theorem theorem6p1:
  fixes Ca We \<gamma> \<epsilon> :: real and l :: nat
  assumes "Ca > 0" and "We > 0" and "\<gamma> > 1" and "\<epsilon> > 0" and "l \<noteq> 1"
  shows "finite (resonances Ca We \<gamma> \<epsilon> l)
    \<and> (\<Sum>w\<in>resonances Ca We \<gamma> \<epsilon> l.
          zorder (\<lambda>z. z\<^sup>2 + of_real (r_hat Ca We \<gamma> l) * G_fun l (of_real \<epsilon> * z)) w)
        = int (l + 2)
    \<and> (\<forall>w\<in>resonances Ca We \<gamma> \<epsilon> l. - cnj w \<in> resonances Ca We \<gamma> \<epsilon> l)
    \<and> (\<forall>w\<in>resonances Ca We \<gamma> \<epsilon> l. Im w < 0)"
proof -
  define r where "r = r_hat Ca We \<gamma> l"
  define P where "P = resonance_poly r \<epsilon> l"
  have r: "r > 0" unfolding r_def using r_hat_pos assms by blast
  have roots: "resonances Ca We \<gamma> \<epsilon> l = {w. poly P w = 0}"
    using resonances_eq_roots[OF r[unfolded r_def] assms(4)] by (simp add: P_def r_def)
  have P: "P \<noteq> 0" "degree P = l + 2"
    using degree_resonance_poly[of \<epsilon> r l] assms(4) by (auto simp: P_def)
  have "(\<Sum>w | poly P w = 0. zorder (\<lambda>z. z\<^sup>2 + of_real r * G_fun l (of_real \<epsilon> * z)) w)
      = (\<Sum>w | poly P w = 0. int (order w P))"
    using zorder_resonance_equation[OF r assms(4)] by (simp add: P_def)
  also have "\<dots> = int (\<Sum>w | poly P w = 0. order w P)" by simp
  also have "\<dots> = int (l + 2)" using sum_order_roots_complex[OF P(1)] P(2) by simp
  finally have "(\<Sum>w\<in>resonances Ca We \<gamma> \<epsilon> l. zorder (\<lambda>z. z\<^sup>2 + of_real r * G_fun l (of_real \<epsilon> * z)) w)
      = int (l + 2)" by (simp add: roots)
  moreover have "finite (resonances Ca We \<gamma> \<epsilon> l)" using poly_roots_finite[OF P(1)] by (simp add: roots)
  moreover have "- cnj w \<in> resonances Ca We \<gamma> \<epsilon> l" if "w \<in> resonances Ca We \<gamma> \<epsilon> l" for w
    using that poly_resonance_poly_neg_cnj[of r \<epsilon> l w] by (simp add: roots P_def)
  moreover have "Im w < 0" if "w \<in> resonances Ca We \<gamma> \<epsilon> l" for w
    using that resonance_poly_roots_lower_half_plane[OF r assms(4)] by (simp add: roots P_def)
  ultimately show ?thesis unfolding r_def by blast
qed
(* Let $k\ge1$ and let $a\ge b\ge0$ be integers with $a+b\le k$. Then $\mathcal{R}^k_{(a,b),(b,a)}=T_1\cup T_2\cup T_3\cup T_4\cup T_5$, and the sets $T_1,\dots,T_5$ are pairwise disjoint. Moreover: - for every weight of the form $(p-2l,p+l)$ or $(p+l,p-2l)$ in $T_1\cup T_2\cup T_3$ (with $p,l$ as in the defining parametrization), $$N^{(k)(p-2l,p+l)}_{(a,b),(b,a)}=N^{(k)(p+l,p-2l)}_{(a,b),(b,a)}=M(p,l);$$ - for every $(p,p)\in T_4\cup T_5$, $N^{(k)(p,p)}_{(a,b),(b,a)}=M(p,0)$, where $$M(p,l)=\min(k,a+b+p-l)-a-b+l-\max(p-b,l)-\max(p-a,l)+1 .$$
   Context: $\widehat{\mathfrak{su}}(3)_k$ fusion. Fix an integer $k\ge1$ and let $P_+^k=\{(\lambda_1,\lambda_2)\in\mathbb{Z}_{\ge0}^2:\lambda_1+\lambda_2\le k\}$. For $\lambda,\mu,\nu\in P_+^k$ set - $\mathcal{A}=\tfrac13[2(\lambda_1+\mu_1+\nu_2)+\lambda_2+\mu_2+\nu_1]$, - $\mathcal{B}=\tfrac13[\lambda_1+\mu_1+\nu_2+2(\lambda_2+\mu_2+\nu_1)]$, - $k_0^{\max}=\min(\mathcal{A},\mathcal{B})$, - $k_0^{\min}=\max(\lambda_1+\lambda_2,\mu_1+\mu_2,\nu_1+\nu_2,\mathcal{A}-\lambda_1,\mathcal{A}-\mu_1,\mathcal{A}-\nu_2,\mathcal{B}-\lambda_2,\mathcal{B}-\mu_2,\mathcal{B}-\nu_1)$. The fusion multiplicity is $N^{(k)\nu}_{\lambda,\mu}=\min(k_0^{\max},k)-k_0^{\min}+1$ if $\mathcal{A},\mathcal{B}$ are nonnegative integers, $k_0^{\max}\ge k_0^{\min}$ and $k\ge k_0^{\min}$; otherwise it is $0$. The set $\mathcal{R}^k_{\lambda,\mu}$ is $\{\nu\in P_+^k:N^{(k)\nu}_{\lambda,\mu}\ne0\}$. In the definitions below, $p,l$ range over integers, and each set is empty unless its stated condition holds. - If $b\ge2$ and $k\ge2a+3$: $T_1=\{(p-2l,p+l),(p+l,p-2l):a+2\le p\le\min(a+b,k-a-1,\lfloor2k/3\rfloor,\lfloor(b+k)/2\rfloor),\ \max(1,2p-k)\le l\le\min(p-a-1,\lfloor p/2\rfloor,b)\}$. - If $b\ge1$ and $k\ge a+b+1$: $T_2=\{(p-2l,p+l),(p+l,p-2l):b+1\le p\le\min(a+b,k-a),\ \max(1,p-a)\le l\le\min(p-b,\lfloor p/2\rfloor,b)\}$. - If $b\ge2$ and $k\ge a+b+1$: $T_3=\{(p-2l,p+l),(p+l,p-2l):2\le p\le\min(k-a-1,2b-2),\ \max(1,p-b+1)\le l\le\min(k-a-b,\lfloor p/2\rfloor,b)\}$. - $T_4=\{(p,p):0\le p\le\min(a,k-a)\}$. - If $k\ge2a+2$: $T_5=\{(p,p):a+1\le p\le\min(a+b,\lfloor k/2\rfloor)\}$. *)

theory Defs
  imports Main "HOL-Library.Disjoint_Sets" Complex_Main
begin

type_synonym weight = "int \<times> int"

text \<open>Dominant weights of affine su(3) at level k.\<close>
definition Pplus :: "int \<Rightarrow> weight set" where
  "Pplus k = {(l1, l2). l1 \<ge> 0 \<and> l2 \<ge> 0 \<and> l1 + l2 \<le> k}"

definition calA :: "weight \<Rightarrow> weight \<Rightarrow> weight \<Rightarrow> rat" where
  "calA lam mu nu = (2 * of_int (fst lam + fst mu + snd nu) + of_int (snd lam + snd mu + fst nu)) / 3"

definition calB :: "weight \<Rightarrow> weight \<Rightarrow> weight \<Rightarrow> rat" where
  "calB lam mu nu = (of_int (fst lam + fst mu + snd nu) + 2 * of_int (snd lam + snd mu + fst nu)) / 3"

definition k0max :: "weight \<Rightarrow> weight \<Rightarrow> weight \<Rightarrow> rat" where
  "k0max lam mu nu = min (calA lam mu nu) (calB lam mu nu)"

definition k0min :: "weight \<Rightarrow> weight \<Rightarrow> weight \<Rightarrow> rat" where
  "k0min lam mu nu = (let A = calA lam mu nu; B = calB lam mu nu in
     Max {of_int (fst lam + snd lam), of_int (fst mu + snd mu), of_int (fst nu + snd nu),
          A - of_int (fst lam), A - of_int (fst mu), A - of_int (snd nu),
          B - of_int (snd lam), B - of_int (snd mu), B - of_int (fst nu)})"

definition fusion_mult :: "int \<Rightarrow> weight \<Rightarrow> weight \<Rightarrow> weight \<Rightarrow> rat" where
  "fusion_mult k lam mu nu =
    (let A = calA lam mu nu; B = calB lam mu nu; kmax = k0max lam mu nu; kmin = k0min lam mu nu in
     if A \<in> \<int> \<and> B \<in> \<int> \<and> A \<ge> 0 \<and> B \<ge> 0 \<and> kmax \<ge> kmin \<and> of_int k \<ge> kmin
     then min kmax (of_int k) - kmin + 1 else 0)"

definition fusion_range :: "int \<Rightarrow> weight \<Rightarrow> weight \<Rightarrow> weight set" where
  "fusion_range k lam mu = {nu \<in> Pplus k. fusion_mult k lam mu nu \<noteq> 0}"

definition Par1 :: "int \<Rightarrow> int \<Rightarrow> int \<Rightarrow> (int \<times> int) set" where
  "Par1 k a b = (if b \<ge> 2 \<and> k \<ge> 2*a + 3 then
     {(p, l). a + 2 \<le> p \<and> p \<le> min (min (a + b) (k - a - 1)) (min ((2*k) div 3) ((b + k) div 2))
        \<and> max 1 (2*p - k) \<le> l \<and> l \<le> min (min (p - a - 1) (p div 2)) b}
     else {})"

definition Par2 :: "int \<Rightarrow> int \<Rightarrow> int \<Rightarrow> (int \<times> int) set" where
  "Par2 k a b = (if b \<ge> 1 \<and> k \<ge> a + b + 1 then
     {(p, l). b + 1 \<le> p \<and> p \<le> min (a + b) (k - a)
        \<and> max 1 (p - a) \<le> l \<and> l \<le> min (min (p - b) (p div 2)) b}
     else {})"

definition Par3 :: "int \<Rightarrow> int \<Rightarrow> int \<Rightarrow> (int \<times> int) set" where
  "Par3 k a b = (if b \<ge> 2 \<and> k \<ge> a + b + 1 then
     {(p, l). 2 \<le> p \<and> p \<le> min (k - a - 1) (2*b - 2)
        \<and> max 1 (p - b + 1) \<le> l \<and> l \<le> min (min (k - a - b) (p div 2)) b}
     else {})"

definition Par4 :: "int \<Rightarrow> int \<Rightarrow> int \<Rightarrow> int set" where
  "Par4 k a b = {p. 0 \<le> p \<and> p \<le> min a (k - a)}"

definition Par5 :: "int \<Rightarrow> int \<Rightarrow> int \<Rightarrow> int set" where
  "Par5 k a b = (if k \<ge> 2*a + 2 then {p. a + 1 \<le> p \<and> p \<le> min (a + b) (k div 2)} else {})"

definition Tpair :: "(int \<times> int) set \<Rightarrow> weight set" where
  "Tpair P = {(p - 2*l, p + l) | p l. (p, l) \<in> P} \<union> {(p + l, p - 2*l) | p l. (p, l) \<in> P}"

definition Tdiag :: "int set \<Rightarrow> weight set" where
  "Tdiag P = {(p, p) | p. p \<in> P}"

definition T1 where "T1 k a b = Tpair (Par1 k a b)"
definition T2 where "T2 k a b = Tpair (Par2 k a b)"
definition T3 where "T3 k a b = Tpair (Par3 k a b)"
definition T4 where "T4 k a b = Tdiag (Par4 k a b)"
definition T5 where "T5 k a b = Tdiag (Par5 k a b)"

definition Tfam :: "int \<Rightarrow> int \<Rightarrow> int \<Rightarrow> nat \<Rightarrow> weight set" where
  "Tfam k a b i = (if i = 1 then T1 k a b else if i = 2 then T2 k a b else
     if i = 3 then T3 k a b else if i = 4 then T4 k a b else T5 k a b)"

definition Mfun :: "int \<Rightarrow> int \<Rightarrow> int \<Rightarrow> int \<Rightarrow> int \<Rightarrow> int" where
  "Mfun k a b p l = min k (a + b + p - l) - a - b + l - max (p - b) l - max (p - a) l + 1"

end

theory Submission imports Defs begin

text \<open>
  For lambda = (a, b) and mu = (b, a) the multiplicity is unchanged when nu is transposed:
  transposing all three weights swaps A and B, and lambda and mu may be exchanged.
  Integrality of A means 3 divides nu2 - nu1, i.e. nu = (p - 2l, p + l), and by the symmetry
  we may take l >= 0. Then A = a + b + p, B = a + b + p - l and k0min = max (a + b + l, 2p - l, a + p),
  so the multiplicity is max 0 (M p l). The condition M p l > 0 is a system of six linear
  inequalities; for l > 0 the sets T1, T2, T3 split its solutions according to l < p - a,
  p - a <= l <= p - b and p - b < l, and for l = 0 the sets T4, T5 according to p <= a.
\<close>

lemma le_div_iff_mult_le:
  fixes x y d :: int
  assumes "0 < d"
  shows "x \<le> y div d \<longleftrightarrow> d * x \<le> y"
proof
  assume "x \<le> y div d"
  then have "d * x \<le> d * (y div d)" using assms by simp
  also have "\<dots> \<le> y"
    using assms by (metis div_mult_mod_eq pos_mod_sign le_add_same_cancel1 mult.commute)
  finally show "d * x \<le> y" .
next
  assume "d * x \<le> y"
  then have "(d * x) div d \<le> y div d" using assms by (rule zdiv_mono1)
  then show "x \<le> y div d" using assms by simp
qed
(* Let $R$ be a ring and $n\in\mathbb{N}$. Then: (1) If $r\in J(R)$, then the unit $1+r$ has exactly one clean decomposition (i.e. exactly one way of writing it as $e+u$ with $e$ idempotent and $u$ a unit). (2) Suppose $U(R)=1+J(R)$. Then $R$ is $n$-torsion clean if and only if $R$ is clean and $U(R)$ has finite exponent $n$; likewise, $R$ is strongly $n$-torsion clean if and only if $R$ is strongly clean and $U(R)$ has finite exponent $n$. Moreover, if $U(R)=1+J(R)$ and one of these equivalent conditions holds, then $R/J(R)$ is a boolean ring.
   Context: All rings are associative with identity. $U(R)$ is the unit group and $J(R)$ the Jacobson radical. A ring is clean (resp. strongly clean) if every element is $e+u$ with $e$ idempotent, $u$ a unit (resp. additionally $eu=ue$). A ring $R$ is (strongly) $n$-torsion clean if every $r\in R$ can be written $r=e+u$ with $e^2=e$, $u\in U(R)$, $u^n=1$ (and $eu=ue$ in the strong case), and $n$ is the smallest natural number with this property. *)

theory Defs
  imports Main
begin

definition units :: "'a::ring_1 set" where
  "units = {u. \<exists>v. u * v = 1 \<and> v * u = 1}"

definition idem :: "'a::ring_1 \<Rightarrow> bool" where
  "idem e \<longleftrightarrow> e * e = e"

definition left_ideal :: "'a::ring_1 set \<Rightarrow> bool" where
  "left_ideal I \<longleftrightarrow> 0 \<in> I \<and> (\<forall>x\<in>I. \<forall>y\<in>I. x - y \<in> I) \<and> (\<forall>r. \<forall>x\<in>I. r * x \<in> I)"

definition maximal_left_ideal :: "'a::ring_1 set \<Rightarrow> bool" where
  "maximal_left_ideal I \<longleftrightarrow> left_ideal I \<and> I \<noteq> UNIV \<and>
     (\<forall>K. left_ideal K \<and> I \<subseteq> K \<and> K \<noteq> UNIV \<longrightarrow> K = I)"

definition jacobson :: "'a::ring_1 set" where
  "jacobson = \<Inter> {I. maximal_left_ideal I}"

definition clean_ring :: "'a::ring_1 itself \<Rightarrow> bool" where
  "clean_ring _ \<longleftrightarrow> (\<forall>r::'a. \<exists>e u. idem e \<and> u \<in> units \<and> r = e + u)"

definition strongly_clean_ring :: "'a::ring_1 itself \<Rightarrow> bool" where
  "strongly_clean_ring _ \<longleftrightarrow>
     (\<forall>r::'a. \<exists>e u. idem e \<and> u \<in> units \<and> e * u = u * e \<and> r = e + u)"

definition tc_prop :: "'a::ring_1 itself \<Rightarrow> nat \<Rightarrow> bool" where
  "tc_prop _ n \<longleftrightarrow> (\<forall>r::'a. \<exists>e u. idem e \<and> u \<in> units \<and> u ^ n = 1 \<and> r = e + u)"

definition stc_prop :: "'a::ring_1 itself \<Rightarrow> nat \<Rightarrow> bool" where
  "stc_prop _ n \<longleftrightarrow> (\<forall>r::'a. \<exists>e u. idem e \<and> u \<in> units \<and> u ^ n = 1 \<and> e * u = u * e \<and> r = e + u)"

definition n_torsion_clean :: "'a::ring_1 itself \<Rightarrow> nat \<Rightarrow> bool" where
  "n_torsion_clean T n \<longleftrightarrow> 1 \<le> n \<and> tc_prop T n \<and> (\<forall>m. 1 \<le> m \<and> m < n \<longrightarrow> \<not> tc_prop T m)"

definition strongly_n_torsion_clean :: "'a::ring_1 itself \<Rightarrow> nat \<Rightarrow> bool" where
  "strongly_n_torsion_clean T n \<longleftrightarrow> 1 \<le> n \<and> stc_prop T n \<and> (\<forall>m. 1 \<le> m \<and> m < n \<longrightarrow> \<not> stc_prop T m)"

definition units_exponent :: "'a::ring_1 itself \<Rightarrow> nat \<Rightarrow> bool" where
  "units_exponent _ n \<longleftrightarrow> 1 \<le> n \<and> (\<forall>u::'a\<in>units. u ^ n = 1) \<and>
     (\<forall>m. 1 \<le> m \<and> m < n \<longrightarrow> \<not> (\<forall>u::'a\<in>units. u ^ m = 1))"

text \<open>R/J(R) is boolean: every coset x + J(R) is idempotent, i.e. x*x - x \<in> J(R).\<close>
definition boolean_mod_jacobson :: "'a::ring_1 itself \<Rightarrow> bool" where
  "boolean_mod_jacobson _ \<longleftrightarrow> (\<forall>x::'a. x * x - x \<in> jacobson)"

end

theory Submission
  imports Defs
begin

text \<open>Elements \<open>1 + r\<close> with \<open>r \<in> J(R)\<close> are units, and a unit minus an element of \<open>J(R)\<close>
  is again a unit. So in a clean decomposition \<open>1 + r = e + u\<close> the idempotent \<open>1 - e = u - r\<close> is
  a unit, hence \<open>e = 0\<close>. If \<open>U(R) = 1 + J(R)\<close>, every unit therefore has only the trivial clean
  decomposition, so a torsion condition on the units occurring in clean decompositions is the same
  as a torsion condition on all of \<open>U(R)\<close>. Moreover \<open>-1 \<in> 1 + J(R)\<close> gives \<open>2 \<in> J(R)\<close>, and
  writing \<open>x = e + 1 + j\<close> yields \<open>x\<^sup>2 - x \<equiv> 2e \<equiv> 0\<close> modulo \<open>J(R)\<close>.\<close>

lemma mem_jacobson_iff: "x \<in> jacobson \<longleftrightarrow> (\<forall>I. maximal_left_ideal I \<longrightarrow> x \<in> I)"
  unfolding jacobson_def by auto

lemma maximal_left_ideal_imp_left_ideal: "maximal_left_ideal I \<Longrightarrow> left_ideal I"
  unfolding maximal_left_ideal_def by simp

-*-

▶ ASSIGNED TASK
Every line in the data that holds "Tfam" should be copied out.

▶ RESPONSE BELOW
definition Tfam :: "int \<Rightarrow> int \<Rightarrow> int \<Rightarrow> nat \<Rightarrow> weight set" where
  "Tfam k a b i = (if i = 1 then T1 k a b else if i = 2 then T2 k a b else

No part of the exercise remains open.